■ Work to complete ■
Can you quote, word for word, every line from the first line of the records below through the line containing "(\<exists>c r. (\<forall>i<M.", and nothing else?

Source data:
definition cover_ok :: "('a::metric_space \<Rightarrow> 'b::metric_space) \<Rightarrow> 'a set \<Rightarrow> real \<Rightarrow> nat \<Rightarrow> bool" where
  "cover_ok f K \<delta> M \<longleftrightarrow>
     (\<exists>c r. (\<forall>i<M. c i \<in> K \<and> 0 < r i \<and> r i < 1) \<and>
            K \<subseteq> (\<Union>i<M. ball (c i) (r i)) \<and>
            (\<forall>i<M. f ` (ball (c i) (r i) \<inter> K) \<subseteq> ball (f (c i)) \<delta>) \<and>
            (\<forall>i<M. \<forall>j<M. i \<noteq> j \<longrightarrow> dist (c i) (c j) \<ge> r i))"

definition Mcov :: "('a::metric_space \<Rightarrow> 'b::metric_space) \<Rightarrow> 'a set \<Rightarrow> real \<Rightarrow> nat" where
  "Mcov f K \<delta> = (LEAST M. cover_ok f K \<delta> M)"

end

theory Submission
  imports Defs
begin

text \<open>Take an admissible cover of K by M = M(f, K, \<epsilon>/2) balls B(c_i, r_i) and embed R^n
  isometrically into R^k. The i-th of the first M hidden layers is the radial rescaling centred
  at c_i that collapses B(c_i, r_i) onto its centre and fixes everything else; since
  |c_i - c_j| \<ge> r_i, points already collapsed onto earlier centres stay put, so afterwards every
  x in K sits at the first centre c_j whose ball contains it. Each of the next M layers alters the
  radial profile at a single radius, which moves one centre to a lift of f(c_j) (translated to
  avoid collisions) and fixes the finitely many other current points. A linear output layer
  projects back to R^m, so F(x) = f(c_j) and |f(c_j) - f(x)| < \<epsilon>/2.\<close>

lemma piecewise_diff_local:
  assumes "finite S"
    and "\<And>x. x \<notin> S \<Longrightarrow> \<exists>U g. open U \<and> x \<in> U \<and> g differentiable (at x) \<and> (\<forall>y\<in>U. h y = g y)"
  shows "piecewise_diff h"
proof -
  have "h differentiable (at x)" if x: "x \<notin> S" for x
  proof -
    obtain U g where U: "open U" "x \<in> U" "g differentiable (at x)" "\<forall>y\<in>U. g y = h y"
      using assms(2)[OF x] by metis
    then obtain D where D: "(g has_derivative D) (at x)" unfolding differentiable_def by blast
    have "(h has_derivative D) (at x)"
      by (rule has_derivative_transform_within_open[OF D U(1,2)]) (use U(4) in simp)
    then show ?thesis unfolding differentiable_def by blast
  qed
  then show ?thesis unfolding piecewise_diff_def using assms(1) by blast
qed

lemma piecewise_diff_id: "piecewise_diff (\<lambda>s. s)"
  unfolding piecewise_diff_def by auto

lemma piecewise_diff_fun_upd:
  assumes "piecewise_diff h"
  shows "piecewise_diff (h(a := b))"
proof -
  obtain S where S: "finite S" "\<And>x. x \<notin> S \<Longrightarrow> h differentiable (at x)"
    using assms unfolding piecewise_diff_def by blast
  show ?thesis
  proof (rule piecewise_diff_local[of "insert a S"])
    fix x assume "x \<notin> insert a S"
    then show "\<exists>U g. open U \<and> x \<in> U \<and> g differentiable (at x) \<and> (\<forall>y\<in>U. (h(a := b)) y = g y)"
      using S(2) by (intro exI[of _ "- {a}"] exI[of _ h]) auto
  qed (use S(1) in simp)
qed

lemma piecewise_diff_threshold: "piecewise_diff (\<lambda>s. if s < r then 0 else s)"
proof (rule piecewise_diff_local[of "{r}"])
  fix x :: real assume "x \<notin> {r}"
  then consider "x < r" | "r < x" by fastforce
  then show "\<exists>U g. open U \<and> x \<in> U \<and> g differentiable (at x) \<and>
      (\<forall>y\<in>U. (if y < r then 0 else y) = g y)"
  proof cases
    case 1
    then show ?thesis by (intro exI[of _ "{..<r}"] exI[of _ "\<lambda>_. 0"]) auto
  next
    case 2
    then show ?thesis by (intro exI[of _ "{r<..}"] exI[of _ "\<lambda>y. y"]) auto
  qed
qed simp

lemma radial_rescale_id [simp]: "radial_rescale (\<lambda>s. s) v = v"
  unfolding radial_rescale_def by simp

lemma radial_fn_id: "radial_fn (\<lambda>v. v)"
  unfolding radial_fn_def using piecewise_diff_id by fastforce

lemma radial_rescale_fun_upd_other:
  assumes "norm v \<noteq> s"
  shows "radial_rescale ((\<lambda>s. s)(s := y)) v = v"
  using assms unfolding radial_rescale_def by simp

lemma radial_rescale_fun_upd_self:
  assumes "v \<noteq> 0"
  shows "radial_rescale ((\<lambda>s. s)(norm v := k * norm v)) v = k *\<^sub>R v"
  using assms unfolding radial_rescale_def by simp

definition centred_rescale :: "'a::real_normed_vector \<Rightarrow> (real \<Rightarrow> real) \<Rightarrow> 'a \<Rightarrow> 'a" where
  "centred_rescale z h v = z + radial_rescale h (v - z)"

lemma centred_rescale_threshold:
  "centred_rescale c (\<lambda>s. if s < r then 0 else s) p = (if dist p c < r then c else p)"
  unfolding centred_rescale_def radial_rescale_def by (auto simp: dist_norm)
(* Let $B_1,\dots,B_n$ be independent real-valued service times with finite means $\mu_i$, each with a distribution symmetric around its mean, and put $X_i=B_i-\mu_i$. Fix a sequence $\tau\in\mathsf S_n$ and use the mean-based schedule. Then for each $k\in\{1,\dots,n-1\}$, $W_{k+1}$ is stochastically dominated by $|S_k|$, where $S_k=X_{\tau(1)}+\cdots+X_{\tau(k)}$; consequently $\mathbb EW_{k+1}\le\mathbb E|X_{\tau(1)}+X_{\tau(2)}+\cdots+X_{\tau(k)}|$.
   Context: Under sequence $\tau$ ($\tau(i)$ the patient in slot $i$) and the mean-based schedule (interarrival time after patient $j$ equal to $\mu_j$), the waiting times are $W_1=0$, $W_{i+1}=(W_i+X_{\tau(i)})^+$ with $a^+=\max\{0,a\}$. *)

theory Defs
  imports "HOL-Probability.Probability" "HOL-Combinatorics.Permutations"
begin

text \<open>Lindley recursion under the mean-based schedule.
  waiting_time X tau i is W_i for i >= 1:
  W_1 = 0, W_(i+1) = max 0 (W_i + X (tau i)).
  (The value at index 0 is an unused convention, equal to 0.)\<close>
fun waiting_time :: "(nat \<Rightarrow> real) \<Rightarrow> (nat \<Rightarrow> nat) \<Rightarrow> nat \<Rightarrow> real" where
  "waiting_time X tau 0 = 0"
| "waiting_time X tau (Suc 0) = 0"
| "waiting_time X tau (Suc (Suc i)) =
     max 0 (waiting_time X tau (Suc i) + X (tau (Suc i)))"

end

theory Submission
  imports Defs
begin

(* Unrolling the Lindley recursion, W_(k+1) is the maximum of the suffix sums
   X_(tau j) + ... + X_(tau k), 1 <= j <= k + 1 (the empty sum being 0).  This is Levy's
   maximal inequality for the reversed sequence: on the event that j is the last index whose
   suffix sum exceeds t >= 0, negating the terms before j preserves the joint law (independence
   and symmetry), keeps the suffix sums from j on and turns S_k <= t into S_k > t.  Hence
   P(W_(k+1) > t) <= 2 P(S_k > t) = P(|S_k| > t), and the expectations compare by the layer
   cake formula. *)

lemma waiting_time_eq_Max_suffix_sums:
  "waiting_time X \<tau> (Suc m) = (MAX j\<in>{1..Suc m}. \<Sum>i=j..m. X (\<tau> i))"
proof (induction m)
  case 0
  then show ?case by simp
next
  case (Suc m)
  have shift: "(\<Sum>i=j..Suc m. X (\<tau> i)) = (\<Sum>i=j..m. X (\<tau> i)) + X (\<tau> (Suc m))"
    if "j \<in> {1..Suc m}" for j
    using that by (simp add: sum.atLeast_Suc_atMost_Suc_shift)
  have "{1..Suc (Suc m)} = insert (Suc (Suc m)) {1..Suc m}" by auto
  then have split_last: "(MAX j\<in>{1..Suc (Suc m)}. f j) = max (f (Suc (Suc m))) (MAX j\<in>{1..Suc m}. f j)"
    for f :: "nat \<Rightarrow> real"
    by simp
  have "(MAX j\<in>{1..Suc (Suc m)}. \<Sum>i=j..Suc m. X (\<tau> i))
      = max 0 (MAX j\<in>{1..Suc m}. \<Sum>i=j..Suc m. X (\<tau> i))"
    by (simp only: split_last) simp
  also have "\<dots> = max 0 (MAX j\<in>{1..Suc m}. (\<Sum>i=j..m. X (\<tau> i)) + X (\<tau> (Suc m)))"
    using shift by (metis (no_types, lifting) image_cong)
  also have "\<dots> = max 0 (waiting_time X \<tau> (Suc m) + X (\<tau> (Suc m)))"
    by (simp add: Max_add_commute Suc.IH)
  finally show ?case by simp
qed

lemma sum_sign_flip_prefix:
  fixes y :: "nat \<Rightarrow> real"
  assumes "1 \<le> j"
  shows "(\<Sum>i=1..k. (if i < j then -1 else 1) * y i) = 2 * (\<Sum>i=j..k. y i) - (\<Sum>i=1..k. y i)"
proof -
  have "(\<Sum>i=1..k. (if i < j then -1 else 1) * y i + y i) = (\<Sum>i\<in>{1..k}. if j \<le> i then 2 * y i else 0)"
    by (intro sum.cong) auto
  also have "\<dots> = (\<Sum>i=j..k. 2 * y i)"
    using assms by (intro sum.mono_neutral_cong_right) auto
  finally show ?thesis
    by (simp add: sum.distrib sum_distrib_left)
qed

definition last_exceedance :: "nat \<Rightarrow> real \<Rightarrow> (nat \<Rightarrow> real) \<Rightarrow> nat \<Rightarrow> bool" where
  "last_exceedance k t y j \<longleftrightarrow> t < (\<Sum>i=j..k. y i) \<and> (\<forall>j'\<in>{j<..k}. (\<Sum>i=j'..k. y i) \<le> t)"

lemma last_exceedance_exists:
  fixes y :: "nat \<Rightarrow> real"
  assumes "0 \<le> t" and "t < (MAX j\<in>{1..Suc k}. \<Sum>i=j..k. y i)"
  shows "\<exists>j\<in>{1..k}. last_exceedance k t y j"
proof -
  define exceed where "exceed = {j\<in>{1..k}. t < (\<Sum>i=j..k. y i)}"
  obtain j where j: "j \<in> {1..Suc k}" "t < (\<Sum>i=j..k. y i)"
    using assms(2) by (auto simp: Max_gr_iff)
  have "j \<noteq> Suc k"
    using j assms(1) by auto
  with j have "j \<in> exceed"
    by (simp add: exceed_def)
  moreover have "finite exceed"
    by (simp add: exceed_def)
  ultimately have "Max exceed \<in> exceed"
    by (intro Max_in) auto
  then have range: "Max exceed \<in> {1..k}" and exceeds: "t < (\<Sum>i=Max exceed..k. y i)"
    by (simp_all add: exceed_def)
  have "(\<Sum>i=j'..k. y i) \<le> t" if "j' \<in> {Max exceed<..k}" for j'
  proof -
    have "j' \<notin> exceed"
      using that Max_ge[OF \<open>finite exceed\<close>, of j'] by auto
    then show ?thesis
      using that range by (simp add: exceed_def not_less)
  qed
  with range exceeds show ?thesis
    by (auto simp: last_exceedance_def)
qed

■ Final answer ■
definition cover_ok :: "('a::metric_space \<Rightarrow> 'b::metric_space) \<Rightarrow> 'a set \<Rightarrow> real \<Rightarrow> nat \<Rightarrow> bool" where
  "cover_ok f K \<delta> M \<longleftrightarrow>
     (\<exists>c r. (\<forall>i<M. c i \<in> K \<and> 0 < r i \<and> r i < 1) \<and>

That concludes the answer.